KMA Insights Webinar Sept 2009 -- SharePoint the Sophomore Year
NZMA contract project summary
1. New Zealand Management Academy (NZMA) (April – September 2014)
Project Manager – SharePoint 2013 installation, design, build and migration
NZMA had an underutilised SharePoint 2007 platform. They wanted to develop this tool to
become the central repository for shared knowledge and information, while also being the
central portal to connect to other IT platforms (CRM, HRSS, IT helpdesk etc.). The decision
was made to upgrade to SP2013 using a greenfields approach.
I gathered and analysed their business requirements and provided them with a SharePoint
solution. Within 6 months I delivered the following:
Prepared and managed project costs
Established best practice at NZMA in the approach taken to the solution and
implementation
A new structured filing systemto easily find and store information (including a
function based navigation)
Useful homepage – company newsletter/blog, quick links (forms and templates),
FAQs, Calendars, Events, Staff phone lists and Staff noticeboard)
Department/Team sites
Training Centre – I created many useful user guides for both IT and end users,
encouraging the company to add to this to enable staff to help themselves.
Search Centre – with useful refinements
Trained staff – not only how to get the best out of SharePoint but also an
understanding of how to get the best out of an IT department.
Established governance rules
Liaison role. While working on these deliverables I was communicating with the
project sponsor, facilitating the steering group (content owners) and establishing a
quarterly review programme.
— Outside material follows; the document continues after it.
(* Let $t_1, t_2 \in \mathsf{Topo}$, let $f$ be an embedding of $t_1$ in $t_2$, and let $q \in \mathsf{PIFOTree}(t_1)$. Then $q \preceq \widehat f(q)$.
   Context: Fix a set $\mathsf{Pkt}$ of packets and a totally ordered set $\mathsf{Rk}$ of ranks (a smaller rank is more favorable). PIFOs: for a set $S$, a PIFO over $S$ is a finite sequence of pairs $(s,r) \in S \times \mathsf{Rk}$ kept in insertion order; $\mathsf{PIFO}(S)$ is the set of these. $\mathsf{push}_{\mathsf{PIFO}}(p,s,r)$ appends $(s,r)$ to $p$. $\mathsf{pop}_{\mathsf{PIFO}}(p)$ is undefined if $p$ is empty; otherwise it removes the entry $(s,r)$ of $p$ with minimal rank (earliest-inserted among ties) and returns $(s,p')$ with $p'$ the rest. Topologies: $\mathsf{Topo}$ is the smallest set with $* \in \mathsf{Topo}$ and $\mathsf{Node}(\vec t) \in \mathsf{Topo}$ for every $n \in \mathbb{N}$, $\vec t \in \mathsf{Topo}^n$; $\vec t[i]$ is the $i$-th entry. PIFO trees: $\mathsf{Leaf}(p) \in \mathsf{PIFOTree}( * )$ for $p \in \mathsf{PIFO}(\mathsf{Pkt})$; $\mathsf{Internal}(\vec q, p) \in \mathsf{PIFOTree}(\mathsf{Node}(\vec t))$ whenever $\vec t \in \mathsf{Topo}^n$, $p \in \mathsf{PIFO}(\{1,\dots,n\})$, $\vec q[i] \in \mathsf{PIFOTree}(\vec t[i])$. $\vec q[q'/i]$ is $\vec q$ with $i$-th entry replaced by $q'$. pop (partial): $\mathsf{pop}(\mathsf{Leaf}(p)) = (pkt,\mathsf{Leaf}(p'))$ if $\mathsf{pop}_{\mathsf{PIFO}}(p)=(pkt,p')$; $\mathsf{pop}(\mathsf{Internal}(\vec q,p)) = (pkt,\mathsf{Internal}(\vec q[q'/i],p'))$ if $\mathsf{pop}_{\mathsf{PIFO}}(p)=(i,p')$ and $\mathsf{pop}(\vec q[i]) = (pkt,q')$; undefined otherwise. Paths: $\mathsf{Path}( * ) = \mathsf{Rk}$; $\mathsf{Path}(\mathsf{Node}(\vec t))$ consists of $(i,r)::pt$ with $1\le i\le n$, $r\in\mathsf{Rk}$, $pt\in\mathsf{Path}(\vec t[i])$. push: $\mathsf{push}(\mathsf{Leaf}(p),pkt,r) = \mathsf{Leaf}(\mathsf{push}_{\mathsf{PIFO}}(p,pkt,r))$; $\mathsf{push}(\mathsf{Internal}(\vec q,p),pkt,(i,r)::pt) = \mathsf{Internal}(\vec q[\mathsf{push}(\vec q[i],pkt,pt)/i],\mathsf{push}_{\mathsf{PIFO}}(p,i,r))$. Simulation: a relation $R \subseteq \mathsf{PIFOTree}(t_1)\times\mathsf{PIFOTree}(t_2)$ is a simulation if for all $pkt$ and $q_1 \mathrel{R} q_2$: (1) if $\mathsf{pop}(q_1)$ is undefined so is $\mathsf{pop}(q_2)$; (2) if $\mathsf{pop}(q_1)=(pkt,q_1')$ then $\mathsf{pop}(q_2)=(pkt,q_2')$ with $q_1' \mathrel{R} q_2'$; (3) for every $pt_1\in\mathsf{Path}(t_1)$ there is $pt_2 \in \mathsf{Path}(t_2)$ with $\mathsf{push}(q_1,pkt,pt_1) \mathrel{R} \mathsf{push}(q_2,pkt,pt_2)$. $q_1 \preceq q_2$ means some simulation relates them. Addresses: $\mathsf{Addr}(t) \subseteq \mathbb{N}^*$ is the smallest set with $\epsilon \in \mathsf{Addr}(t)$ and $i\cdot\alpha \in \mathsf{Addr}(\mathsf{Node}(\vec t))$ for $1\le i\le n$, $\alpha \in \mathsf{Addr}(\vec t[i])$. Subtrees: $t/\epsilon = t$, $\mathsf{Node}(\vec t)/(i\cdot\alpha) = \vec t[i]/\alpha$. An embedding of $t_1$ in $t_2$ is an injective $f:\mathsf{Addr}(t_1)\to\mathsf{Addr}(t_2)$ with $f(\epsilon)=\epsilon$, $t_2/f(\alpha) = *$ whenever $t_1/\alpha = *$, and: $\alpha$ is a prefix of $\alpha'$ iff $f(\alpha)$ is a prefix of $f(\alpha')$. If $t_1 = *$ then $t_2 = *$; if $t_1 = \mathsf{Node}(\vec t_1)$ then for each $i$ the map $f_i$ defined by $f(i\cdot\alpha) = f(i)\cdot f_i(\alpha)$ is an embedding of $t_1/i$ in $t_2/f(i)$. Lifting $\widehat f:\mathsf{PIFOTree}(t_1)\to\mathsf{PIFOTree}(t_2)$, by recursion on $t_1$: if $t_1 = *$, $\widehat f(q) = q$. If $t_1 = \mathsf{Node}(\vec t_1)$ with $n$ children and $q = \mathsf{Internal}(\vec q,p)$, define for each address $\alpha$ of $t_2$ that is a prefix of some $f(i)$ a tree $\widehat f(q)_\alpha \in \mathsf{PIFOTree}(t_2/\alpha)$, from longer to shorter $\alpha$: if $\alpha = f(i)$, then $\widehat f(q)_\alpha = \widehat{f_i}(\vec q[i])$; otherwise $t_2/\alpha$ is a node with some $m$ children, and $\widehat f(q)_\alpha = \mathsf{Internal}(\vec q_\alpha, p_\alpha)$ where $\vec q_\alpha[j] = \widehat f(q)_{\alpha\cdot j}$ if $\alpha\cdot j$ is a prefix of some $f(i)$, and otherwise $\vec q_\alpha[j]$ is the tree of topology $t_2/(\alpha\cdot j)$ all of whose PIFOs are empty; and $p_\alpha$ is obtained from $p$ by replacing each entry $(i,r)$ with $(j,r)$ where $j$ is such that $\alpha\cdot j$ is a prefix of $f(i)$, deleting entries $(i,r)$ for which no such $j$ exists, and keeping the order of entries. Finally $\widehat f(q) = \widehat f(q)_\epsilon$. *)

theory Defs
  imports Main "HOL-Library.Sublist"
begin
Covering off both the PM and BA type functions made
me the complete solution for NZMA.
In addition to this there were several business process improvements made along the way.
Notably recordkeeping practices around naming conventions, establishing content owners
and their expected responsibilities with shared information (which became part of the
governance policy). Reducing storage on both Exchange and file servers by getting users to
send links to content rather than attaching it in emails to internal users (this also avoids
version control issues).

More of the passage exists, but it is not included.